Oliver continued on, but I couldn’t help but try to make sense of this nonsense: Outside World being plagued? What does he mean by these look-alikes?
“These Soulless Wanderers I believe have returned or at least have come out of hiding… from the Tombs I’ve read I have discovered many, many disturbing truths about them: their like cannibals, feast on the flesh of humans and animals alike: some even stated they thirsted for human blood… seeking effortlessly to prey on their next soul. Supposedly in the belief’s of these things, these Outsider’s, are in search of their lost soul, and they believe somewhere in one of us lives their soul they lost due to their transformation into the fiend they became… but it sounds like a fake Mythological Fairytale of a belief.”

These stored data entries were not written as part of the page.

definition objective ::
  "nat \<Rightarrow> (nat \<Rightarrow> nat) \<Rightarrow> (nat \<Rightarrow> nat) \<Rightarrow> (nat \<Rightarrow> nat) \<Rightarrow> (nat \<Rightarrow> nat) \<Rightarrow> (nat \<Rightarrow> real)
   \<Rightarrow> (nat \<Rightarrow> real vec) \<Rightarrow> (nat \<Rightarrow> real mat) \<Rightarrow> (real vec \<Rightarrow> real) \<Rightarrow> real vec \<Rightarrow> real" where
  "objective L n m p K \<gamma> c D f x =
     f x + (\<Sum>k\<in>{1..L}. \<gamma> k * trimmed (K k) (m k) (p k) (D k *\<^sub>v blk n k x - c k))"

end

theory Submission
  imports Defs "HOL-Analysis.Function_Topology" "HOL-Analysis.L2_Norm"
begin

text \<open>Suppose the trimmed term \<open>T\<close> of block \<open>l\<close> is positive at a d-stationary point. Choose an
  index set \<open>\<Lambda>\<close> realising it and a direction \<open>d\<close> such that \<open>D\<^sub>l d\<close> cancels the blocks of
  \<open>D\<^sub>l x\<^sub>l - c\<^sub>l\<close> indexed by \<open>\<Lambda>\<close>. By (A1) such directions exist, and one of least norm satisfies
  \<open>\<sigma> norm2 d \<le> T\<close> for \<open>\<sigma> = sigma_K (D\<^sub>l)\<close>: on the orthogonal complement of the kernel the
  Rayleigh quotient of the Gram matrix is at least its least positive eigenvalue. Along \<open>d\<close> the
  trimmed term falls at rate \<open>T\<close>, while by (A2) \<open>f\<close> rises at rate at most
  \<open>norm2 d \<Gamma>\<^sub>l \<le> T \<Gamma>\<^sub>l / \<sigma> < \<gamma>\<^sub>l T\<close>, contradicting stationarity. When \<open>D\<^sub>l\<close> is the
  identity, a signed coordinate vector inside \<open>\<Lambda>\<close> lowers both the trimmed term and the \<open>l\<^sub>1\<close>
  term of block \<open>l\<close> at unit rate, so the objective decreases at rate at least \<open>\<gamma>\<^sub>l - \<Gamma>\<^sub>l > 0\<close>.\<close>

section \<open>Minimisation over real vectors\<close>

text \<open>A vector of dimension \<open>n\<close> is identified with its zero-padded coordinate function in the
  product space \<open>nat \<Rightarrow> real\<close>, where Tychonoff provides the compactness that \<open>real vec\<close> lacks.\<close>

lemma continuous_on_vec_index: "continuous_on UNIV (\<lambda>f. vec n f $ i :: real)"
proof (cases "i < n")
  case False
  then have "(\<lambda>f. vec n f $ i) = (\<lambda>f. vec n (\<lambda>_. 0::real) $ i)"
    by transfer (simp add: mk_vec_def)
  then show ?thesis by (metis continuous_on_const)
qed simp

lemma compact_if_closed_bounded_coordinates:
  fixes C :: "(nat \<Rightarrow> real) set"
  assumes "closed C" and "\<And>f i. f \<in> C \<Longrightarrow> \<bar>f i\<bar> \<le> R"
  shows "compact C"
proof -
  have "compactin (product_topology (\<lambda>i. euclidean) UNIV) (Pi\<^sub>E UNIV (\<lambda>i::nat. {-R..R::real}))"
    by (simp add: compactin_PiE)
  then have "compact (Pi\<^sub>E UNIV (\<lambda>i::nat. {-R..R::real}))"
    by (simp add: euclidean_product_topology)
  then have "compact (Pi\<^sub>E UNIV (\<lambda>i. {-R..R}) \<inter> C)"
    using assms(1) by (rule compact_Int_closed)
  moreover have "f i \<in> {-R..R}" if "f \<in> C" for f i
    using assms(2)[OF that, of i] by (simp add: abs_le_iff)
  then have "C \<subseteq> Pi\<^sub>E UNIV (\<lambda>i. {-R..R})"
    unfolding PiE_UNIV_domain by blast
  ultimately show ?thesis by (simp add: Int_absorb1)
qed

lemma vec_continuous_attains_inf:
  fixes S :: "real vec set" and \<phi> :: "real vec \<Rightarrow> real"
  assumes S: "S \<subseteq> carrier_vec n" and v0: "v0 \<in> S" and R: "0 \<le> R"
    and bnd: "\<And>v i. v \<in> S \<Longrightarrow> i < n \<Longrightarrow> \<bar>v $ i\<bar> \<le> R"
    and closed: "closed {f. vec n f \<in> S \<and> (\<forall>i\<ge>n. f i = 0)}"
    and cont: "continuous_on UNIV (\<lambda>f. \<phi> (vec n f))"
  shows "\<exists>v\<in>S. \<forall>u\<in>S. \<phi> v \<le> \<phi> u"
proof -
  define C where "C = {f. vec n f \<in> S \<and> (\<forall>i\<ge>n. f i = 0)}"
  define pad where "pad = (\<lambda>v::real vec. \<lambda>i. if i < n then v $ i else 0)"
  have vec_pad: "vec n (pad v) = v" if "v \<in> S" for v
    using S that by (intro eq_vecI) (auto simp: pad_def)
  have pad_in: "pad v \<in> C" if "v \<in> S" for v
    using vec_pad[OF that] that by (simp add: C_def pad_def)
  have "compact C"
  proof (rule compact_if_closed_bounded_coordinates)
    show "closed C" using closed by (simp add: C_def)
    fix f i assume "f \<in> C"
    then show "\<bar>f i\<bar> \<le> R"
      using bnd[of "vec n f" i] R by (cases "i < n") (auto simp: C_def)
  qed
  moreover have "C \<noteq> {}" using pad_in[OF v0] by blast
  moreover have "continuous_on C (\<lambda>f. \<phi> (vec n f))"
    using cont by (rule continuous_on_subset) simp
  ultimately obtain f0 where "f0 \<in> C" and f0: "\<And>f. f \<in> C \<Longrightarrow> \<phi> (vec n f0) \<le> \<phi> (vec n f)"
    by (metis continuous_attains_inf)
  moreover have "\<phi> (vec n f0) \<le> \<phi> u" if "u \<in> S" for u
    using f0[OF pad_in[OF that]] vec_pad[OF that] by simp
  ultimately show ?thesis unfolding C_def by blast
qed

definition continuous_vec_map :: "nat \<Rightarrow> ((nat \<Rightarrow> real) \<Rightarrow> real vec) \<Rightarrow> bool" where
  "continuous_vec_map n F \<longleftrightarrow>
     (\<forall>f. F f \<in> carrier_vec n) \<and> (\<forall>i<n. continuous_on UNIV (\<lambda>f. F f $ i))"

lemma continuous_vec_map_vec: "continuous_vec_map n (\<lambda>f. vec n f)"
  unfolding continuous_vec_map_def using continuous_on_vec_index by auto

lemma continuous_vec_map_const: "c \<in> carrier_vec n \<Longrightarrow> continuous_vec_map n (\<lambda>_. c)"
  unfolding continuous_vec_map_def by auto

lemma continuous_on_scalar_prod:
  assumes F: "continuous_vec_map n F" and G: "continuous_vec_map n G"
  shows "continuous_on UNIV (\<lambda>f. F f \<bullet> G f)"
proof -
  have "dim_vec (G f) = n" for f
    using G unfolding continuous_vec_map_def carrier_vec_def by auto
  then have eq: "(\<lambda>f. F f \<bullet> G f) = (\<lambda>f. \<Sum>i\<in>{0..<n}. F f $ i * G f $ i)"
    unfolding scalar_prod_def by simp
  show ?thesis
    unfolding eq by (intro continuous_on_sum continuous_on_mult)
      (use F G in \<open>auto simp: continuous_vec_map_def\<close>)
qed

I had trouble seeing sense: either I was being absentminded or his words were too hollow to even comprehend as a reality; it just sounded to infused in a science fiction novel of some sort: like something Amy would be reading to me off one of her books.
I winced, “And what does this have to do with anything: I-I mean us?”
Oliver cleared his throat, “The Council has been mobilizing and sending plenty of troops outside… solemnly a group returns: the injured are not tended, they’re left to rot.”
“Troops meaning?” I interrupted curiously.
“Soldiers: men bred solely to fight”
“With guns?”
Oliver giggled, “Yes, of course,” he said amused, “Fields flooded with thousands upon thousands: gunning one another down to see which one’s victor… or perhaps which side is lucky enough to live and tell the tale”
“What could cause such a disastrous ultimatum?” I asked.
Oliver chuckled beneath his breath, “Conflicts”
“And what does your comments about these Soulless Wanderers and Outsiders have anything to do with this particular situation?” I interrupted again seeing no sense in his unrelenting context of supernatural allegations.
“Perhaps these two things are connected; something is stirring in the Outside World, and we’re powerless to venture and marvel over its beauty.”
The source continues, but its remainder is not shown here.